Asiento. Hay algo en su mirada justo ahora que me hace pensar que no es tan mala persona.

Él me ayuda a levantar, y me coloca una chaqueta negra olorosa a perfume, el cual destaca entre el olor de la pólvora, humo y la sangre.

Soy subida a una camioneta en la parte trasera mientras el ojiverde sube con otro hombre en la parte delantera.

La rapidez con la que abandonan la escena me deja desconcertada. No dejo de temblar, aferrándome a la chaqueta, cuestionarme qué demonios está pasando en realidad.

¿La mercancía estaba mala? ¿Jackson tiene algo que ellos buscan? ¿Por qué quieren ir a la mansión?

Por suerte tengo buena memoria, y como he salido varias veces de la mansión, tengo una idea de dónde estábamos, así que cuando el hombre me da un papel y lápiz, logro escribirlo.

Él le dice algo al otro hombre, el cual luce más que ansioso. Tardamos menos minutos en llegar a la mansión de lo que tardé con Jackson llegar al almacén.

Nos detenemos en un área apartada. Y es cuando me doy cuenta que mi audición ha regresado.

—Esta chica, ¿la conoces? ¿Está en esa mansión?

El ojiverde me muestra la foto en el teléfono.

Nancy.

Mi corazón da un vuelco.

Asiento con frenesí.

El hombre que conduce, aprieta el volante.
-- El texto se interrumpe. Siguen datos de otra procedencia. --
lemma shelling_step_cone:
  assumes "shelling_step P G" and "v \<notin> G"
    and "B \<in> set Q" and "G \<subseteq> B" and avoid_v: "\<And>A. A \<in> set Q \<Longrightarrow> v \<notin> A"
  shows "shelling_step (Q @ map (insert v) P) (insert v G)"
  unfolding shelling_step_def
proof
  fix A assume A: "A \<in> set (Q @ map (insert v) P)"
  show "\<exists>B\<in>set (Q @ map (insert v) P). \<exists>u\<in>insert v G.
      A \<inter> insert v G \<subseteq> B \<inter> insert v G \<and> B \<inter> insert v G = insert v G - {u}"
  proof (cases "A \<in> set Q")
    case True
    text \<open>\<open>A\<close> and \<open>B\<close> avoid \<open>v\<close>, so both meet \<open>insert v G\<close> inside \<open>G \<subseteq> B\<close>.\<close>
    have "A \<inter> insert v G \<subseteq> B \<inter> insert v G" "B \<inter> insert v G = insert v G - {v}"
      using avoid_v[OF True] avoid_v[OF assms(3)] assms(2,4) by auto
    then show ?thesis
      using assms(3) by (intro bexI[of _ B] bexI[of _ v] conjI) simp_all
  next
    case False
    then obtain A' where "A' \<in> set P" and "A = insert v A'" using A by auto
    then obtain B' u where "B' \<in> set P" "u \<in> G" "A' \<inter> G \<subseteq> B' \<inter> G" "B' \<inter> G = G - {u}"
      using assms(1) unfolding shelling_step_def by blast
    have "u \<noteq> v" using \<open>u \<in> G\<close> assms(2) by auto
    then have "A \<inter> insert v G \<subseteq> insert v B' \<inter> insert v G"
      and "insert v B' \<inter> insert v G = insert v G - {u}"
      using \<open>A = insert v A'\<close> \<open>A' \<inter> G \<subseteq> B' \<inter> G\<close> \<open>B' \<inter> G = G - {u}\<close> by auto
    moreover have "insert v B' \<in> set (Q @ map (insert v) P)" using \<open>B' \<in> set P\<close> by simp
    ultimately show ?thesis using \<open>u \<in> G\<close> by blast
  qed
qed

lemma shellable_if_vertex_decomposable:
  assumes "vertex_decomposable K" and "finite K" and "downward_closed K"
  shows "shellable K"
  using assms
proof (induction rule: vertex_decomposable.induct)
  case (simplex K)
  then obtain F where "K = Pow F" by (auto simp: is_simplex_def)
  then have "facets K = {F}" by (auto simp: facets_def)
  then show ?case unfolding shellable_def by (intro exI[of _ "[F]"]) auto
next
  case (shed v K)
  let ?D = "deletion K v" and ?L = "link K v"
  have "finite ?D" "finite ?L" using shed.prems(1) by (auto simp: deletion_def link_def)
  obtain fs1 where fs1: "distinct fs1" "set fs1 = facets ?D"
    and steps1: "\<And>j. j < length fs1 \<Longrightarrow> shelling_step (take j fs1) (fs1 ! j)"
    using shed.IH(1)[OF \<open>finite ?D\<close> downward_closed_deletion[OF shed.prems(2)]]
    unfolding shellable_iff_shelling_steps by blast
  obtain fs2 where fs2: "distinct fs2" "set fs2 = facets ?L"
    and steps2: "\<And>j. j < length fs2 \<Longrightarrow> shelling_step (take j fs2) (fs2 ! j)"
    using shed.IH(2)[OF \<open>finite ?L\<close> downward_closed_link[OF shed.prems(2)]]
    unfolding shellable_iff_shelling_steps by blast
  have v_fs1: "v \<notin> A" if "A \<in> set fs1" for A
    using that fs1(2) by (auto simp: facets_def deletion_def)
  have fs2_D: "G \<in> ?D" and v_fs2: "v \<notin> G" if "G \<in> set fs2" for G
    using that fs2(2) by (auto simp: facets_def deletion_def link_def)
  define fs where "fs = fs1 @ map (insert v) fs2"
  have "inj_on (insert v) (set fs2)"
    using v_fs2 by (intro inj_onI) (metis insert_ident)
  then have "distinct fs"
    using fs1(1) fs2(1) v_fs1 by (auto simp: fs_def distinct_map)
  moreover have "set fs = facets K"
    using facets_eq_deletion_link[OF shed.prems(2) shed.hyps(4)] fs1(2) fs2(2)
    by (simp add: fs_def)
  moreover have "shelling_step (take j fs) (fs ! j)" if "j < length fs" for j
  proof (cases "j < length fs1")
    case True
    then show ?thesis using steps1 by (simp add: fs_def nth_append)
  next
    case False
    define k where "k = j - length fs1"
    have "k < length fs2" using that False by (simp add: fs_def k_def)
    then have "fs2 ! k \<in> set fs2" by simp
    then obtain B where "B \<in> set fs1" "fs2 ! k \<subseteq> B"
      using exists_facet_superset[OF \<open>finite ?D\<close> fs2_D] fs1(2) by blast
    have "take j fs = fs1 @ map (insert v) (take k fs2)" "fs ! j = insert v (fs2 ! k)"
      using False \<open>k < length fs2\<close> by (simp_all add: fs_def k_def nth_append take_map)
    then show ?thesis
      using shelling_step_cone[OF steps2[OF \<open>k < length fs2\<close>] v_fs2[OF \<open>fs2 ! k \<in> set fs2\<close>]
          \<open>B \<in> set fs1\<close> \<open>fs2 ! k \<subseteq> B\<close> v_fs1]
      by simp
  qed
  ultimately show ?case
    unfolding shellable_iff_shelling_steps by blast
qed

section \<open>Independence complexes\<close>

definition independence_complex :: "('a \<Rightarrow> 'a \<Rightarrow> bool) \<Rightarrow> 'a set \<Rightarrow> 'a set set" where
  "independence_complex R X = {S. S \<subseteq> X \<and> (\<forall>e\<in>S. \<forall>f\<in>S. \<not> R e f)}"

definition dominates :: "('a \<Rightarrow> 'a \<Rightarrow> bool) \<Rightarrow> 'a set \<Rightarrow> 'a \<Rightarrow> 'a \<Rightarrow> bool" where
  "dominates R X x w \<longleftrightarrow> R w x \<and> (\<forall>y\<in>X. R y w \<longrightarrow> y = x \<or> R y x)"

lemma deletion_independence_complex:
  "deletion (independence_complex R X) x = independence_complex R (X - {x})"
  by (auto simp: deletion_def independence_complex_def)

lemma link_independence_complex:
  assumes "symp R" and "\<not> R x x" and "x \<in> X"
  shows "link (independence_complex R X) x = independence_complex R (X - insert x {y. R x y})"
  unfolding link_def independence_complex_def
  using assms(2,3) sympD[OF assms(1)] by blast
lemma HL_max_le_cmult:
  fixes g h :: "real^'n \<Rightarrow> ennreal"
  assumes [measurable]: "g \<in> borel_measurable borel"
    and le: "\<And>y. g y \<le> c * h y" and c: "c \<noteq> top"
  shows "HL_max g x \<le> c * HL_max h x"
  unfolding HL_max_def
proof (rule SUP_least)
  fix r :: real assume r: "r \<in> {0<..}"
  have "(\<integral>\<^sup>+ y \<in> ball x r. g y \<partial>lborel) \<le> c * (\<integral>\<^sup>+ y \<in> ball x r. h y \<partial>lborel)"
    using le c by (intro nn_integral_le_cmult) (auto simp: indicator_def)
  then have "(\<integral>\<^sup>+ y \<in> ball x r. g y \<partial>lborel) / emeasure lborel (ball x r)
      \<le> c * ((\<integral>\<^sup>+ y \<in> ball x r. h y \<partial>lborel) / emeasure lborel (ball x r))"
    unfolding ennreal_times_divide by (rule divide_right_mono_ennreal)
  also have "\<dots> \<le> c * (SUP r\<in>{0<..}. (\<integral>\<^sup>+ y \<in> ball x r. h y \<partial>lborel) / emeasure lborel (ball x r))"
    using r by (intro mult_left_mono SUP_upper) auto
  finally show "(\<integral>\<^sup>+ y \<in> ball x r. g y \<partial>lborel) / emeasure lborel (ball x r)
      \<le> c * (SUP r\<in>{0<..}. (\<integral>\<^sup>+ y \<in> ball x r. h y \<partial>lborel) / emeasure lborel (ball x r))" .
qed

lemma nn_integral_lborel_reflect:
  fixes h :: "'a::euclidean_space \<Rightarrow> ennreal"
  assumes [measurable]: "h \<in> borel_measurable borel"
  shows "(\<integral>\<^sup>+ w. h w \<partial>lborel) = (\<integral>\<^sup>+ v. h (x - v) \<partial>lborel)"
proof -
  have "lborel = density (distr lborel borel ((-) x)) (\<lambda>_. 1)"
    using lborel_affine[of "-1" x] by simp
  then have "(\<integral>\<^sup>+ w. h w \<partial>lborel) = (\<integral>\<^sup>+ w. h w \<partial>density (distr lborel borel ((-) x)) (\<lambda>_. 1))"
    by simp
  also have "\<dots> = (\<integral>\<^sup>+ v. h (x - v) \<partial>lborel)"
    by (simp add: nn_integral_density nn_integral_distr)
  finally show ?thesis .
qed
—¿Ella está bien? ¿En qué habitación? —cuestiona el hombre.

Intento explicarle el lugar donde está, pero no respondo a la primera pregunta. Estaba muy mal después de cortarme el cabello.

—Bien, Derek, vamos a entrar, pero necesito que te calmes primero —le dice el ojiverde.

—Voy a matarlos a todos, Adolfo, no me pidas eso.

Adolfo es el nombre del ojiverde. Él me mira de reojo, y exhala. Dice por su radio que alguien venga a cuidarme y unos segundos después un tipo calvo entra para que ellos salgan.

Veo a más de una docena de hombres avanzar por la colina hacia la mansión, armados, estratégicos.

Mis nervios se disparan cuando en menos de dos minutos escucho a la distancia los disparos, los gritos, y luego… silencio. Uno que me aterra más que cualquier otra cosa.

Tragando hondo y apretando mis manos, miro al hombre que me cuida.

—Puedo preguntar… ¿Qué es Nancy de ese hombre?

El calvo me mira por el retrovisor, duda en responder.

—Es su prometida.

Jadeo, llevándome una mano a mi pecho acelerado, el cual luego se detiene al ver al tal Derek con Nancy en brazos, corriendo hacia la camioneta.

Pero sollozo cuando la colocan a mi lado, pues ella está llena de sangre, y sus ojos no tienen vida.